* _Task to carry out_
Whenever the word "then" turns up in a line below, that line should be copied.

* _Data for this task_
lemma add_ainv_left [simp]: "x \<in> A \<Longrightarrow> \<boxminus> x \<boxplus> x = z"
  using G.l_inv by simp

lemma add_ainv_right [simp]: "x \<in> A \<Longrightarrow> x \<boxplus> \<boxminus> x = z"
  using G.r_inv by simp

lemma ainv_add_cancel_left [simp]: "x \<in> A \<Longrightarrow> y \<in> A \<Longrightarrow> \<boxminus> x \<boxplus> (x \<boxplus> y) = y"
  by (metis add_assoc ainv_closed add_ainv_left add_zero_left)

lemma add_ainv_cancel_left [simp]: "x \<in> A \<Longrightarrow> y \<in> A \<Longrightarrow> x \<boxplus> (\<boxminus> x \<boxplus> y) = y"
  by (metis add_assoc ainv_closed add_ainv_right add_zero_left)

lemma ainv_zero [simp]: "\<boxminus> z = z"
  using G.inv_one by simp

lemma ainv_add [simp]: "x \<in> A \<Longrightarrow> y \<in> A \<Longrightarrow> \<boxminus> (x \<boxplus> y) = \<boxminus> y \<boxplus> \<boxminus> x"
  using G.inv_mult_group by simp

lemma add_eq_iff_left: "x \<in> A \<Longrightarrow> y \<in> A \<Longrightarrow> w \<in> A \<Longrightarrow> x \<boxplus> y = w \<longleftrightarrow> y = \<boxminus> x \<boxplus> w"
  by auto

lemma add_ainv_eq_iff_right: "u \<in> A \<Longrightarrow> v \<in> A \<Longrightarrow> w \<in> A \<Longrightarrow> u \<boxplus> \<boxminus> v = w \<longleftrightarrow> u = w \<boxplus> v"
  by (metis G.inv_solve_right add_grp_simps(1,2,4))

lemma acomm_eq_zero_iff:
  "x \<in> A \<Longrightarrow> y \<in> A \<Longrightarrow> acomm A add z x y = z \<longleftrightarrow> x \<boxplus> y = y \<boxplus> x"
  unfolding acomm_def by (simp add: add_ainv_eq_iff_right del: add_assoc)

lemma acomm_mem_normal:
  assumes N: "N \<lhd> G" and "a \<in> A" and "w \<in> N"
  shows "acomm A add z a w \<in> N"
proof -
  have "a \<boxplus> w \<boxplus> \<boxminus> a \<in> N"
    using normal.inv_op_closed2[OF N] assms(2,3) by simp
  then show ?thesis
    unfolding acomm_def
    using subgroup.m_closed[OF normal_imp_subgroup[OF N]] subgroup.m_inv_closed[OF normal_imp_subgroup[OF N]] \<open>w \<in> N\<close>
    by simp
qed

lemma normal_subgroup_meets_center:
  assumes "lower_central A add z n = {z}" and N: "N \<lhd> G" and "\<not> N \<subseteq> {z}"
  shows "\<exists>x\<in>N. x \<noteq> z \<and> (\<forall>a\<in>A. a \<boxplus> x = x \<boxplus> a)"
proof -
  let ?comm = "\<lambda>S. generate G {acomm A add z a w | a w. a \<in> A \<and> w \<in> S}"
  have N_sub: "subgroup N G" and "N \<subseteq> A"
    using N normal_imp_subgroup subgroup.subset by fastforce+
  have "\<exists>S. S \<subseteq> N \<and> \<not> S \<subseteq> {z} \<and> ?comm S \<subseteq> {z}"
  proof (rule exists_last_nontrivial_stage[where T = "lower_central A add z" and n = n])
    show "?comm S \<subseteq> N" if "S \<subseteq> N" for S
      using that acomm_mem_normal[OF N] by (intro G.generate_subgroup_incl[OF _ N_sub]) blast
    show "?comm S \<subseteq> lower_central A add z (Suc k)" if "S \<subseteq> lower_central A add z k" for S k
      unfolding lower_central.simps using that by (intro G.mono_generate) blast
  qed (use assms(1,3) \<open>N \<subseteq> A\<close> in auto)
  then obtain S x where "S \<subseteq> N" "x \<in> S" "x \<noteq> z" and comm_trivial: "?comm S \<subseteq> {z}"
    by blast
  have "x \<in> A"
    using \<open>S \<subseteq> N\<close> \<open>x \<in> S\<close> \<open>N \<subseteq> A\<close> by blast
  have "acomm A add z a x \<in> ?comm S" if "a \<in> A" for a
    using that \<open>x \<in> S\<close> by (intro generate.incl) blast
  then have "a \<boxplus> x = x \<boxplus> a" if "a \<in> A" for a
    using comm_trivial acomm_eq_zero_iff[OF that \<open>x \<in> A\<close>] that by blast
  then show ?thesis
    using \<open>S \<subseteq> N\<close> \<open>x \<in> S\<close> \<open>x \<noteq> z\<close> by blast
qed

end

locale skew_brace_on =
  fixes A :: "'a set" and add :: "'a \<Rightarrow> 'a \<Rightarrow> 'a" (infixl \<open>\<boxplus>\<close> 65)
    and circ :: "'a \<Rightarrow> 'a \<Rightarrow> 'a" (infixl \<open>\<bullet>\<close> 70) and z :: 'a
  assumes skew_brace: "skew_brace A add circ z"
begin

sublocale additive_group A add z
  using skew_brace by (intro additive_group.intro) (simp add: skew_brace_def)

abbreviation C :: "'a monoid" where "C \<equiv> circ_grp A circ z"
abbreviation cinv :: "'a \<Rightarrow> 'a" where "cinv x \<equiv> inv\<^bsub>C\<^esub> x"
abbreviation \<Lambda> :: "'a \<Rightarrow> 'a \<Rightarrow> 'a" where "\<Lambda> x y \<equiv> lam A add circ z x y"
abbreviation st :: "'a \<Rightarrow> 'a \<Rightarrow> 'a" (infixl \<open>\<star>\<close> 70) where "x \<star> y \<equiv> star A add circ z x y"

interpretation C: group C
  using skew_brace by (simp add: skew_brace_def)

lemma circ_grp_simps [simp]: "carrier C = A" "monoid.mult C = circ" "one C = z"
  by (simp_all add: circ_grp_def)

lemma circ_closed [simp]: "x \<in> A \<Longrightarrow> y \<in> A \<Longrightarrow> x \<bullet> y \<in> A"
  using C.m_closed by simp

lemma cinv_closed [simp]: "x \<in> A \<Longrightarrow> cinv x \<in> A"
  using C.inv_closed by simp

lemma circ_assoc [simp]: "x \<in> A \<Longrightarrow> y \<in> A \<Longrightarrow> w \<in> A \<Longrightarrow> x \<bullet> y \<bullet> w = x \<bullet> (y \<bullet> w)"
  using C.m_assoc by simp

lemma circ_zero_left [simp]: "x \<in> A \<Longrightarrow> z \<bullet> x = x"
  using C.l_one by simp

lemma circ_zero_right [simp]: "x \<in> A \<Longrightarrow> x \<bullet> z = x"
  using C.r_one by simp

lemma circ_cinv_right [simp]: "x \<in> A \<Longrightarrow> x \<bullet> cinv x = z"
  using C.r_inv by simp

lemma circ_cinv_cancel_left [simp]: "x \<in> A \<Longrightarrow> y \<in> A \<Longrightarrow> x \<bullet> (cinv x \<bullet> y) = y"
  by (metis circ_assoc cinv_closed circ_cinv_right circ_zero_left)

lemma circ_add_distrib:
  "x \<in> A \<Longrightarrow> y \<in> A \<Longrightarrow> w \<in> A \<Longrightarrow> x \<bullet> (y \<boxplus> w) = x \<bullet> y \<boxplus> \<boxminus> x \<boxplus> x \<bullet> w"
  using skew_brace by (simp add: skew_brace_def)

lemma lam_closed [simp]: "x \<in> A \<Longrightarrow> y \<in> A \<Longrightarrow> \<Lambda> x y \<in> A"
  by (simp add: lam_def)

lemma circ_eq_add_lam: "x \<in> A \<Longrightarrow> y \<in> A \<Longrightarrow> x \<bullet> y = x \<boxplus> \<Lambda> x y"
  by (simp add: lam_def)

lemma lam_zero_left [simp]: "y \<in> A \<Longrightarrow> \<Lambda> z y = y"
  by (simp add: lam_def)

* _Written response_
  then show ?thesis
  then obtain S x where "S \<subseteq> N" "x \<in> S" "x \<noteq> z" and comm_trivial: "?comm S \<subseteq> {z}"
  then have "a \<boxplus> x = x \<boxplus> a" if "a \<in> A" for a
  then show ?thesis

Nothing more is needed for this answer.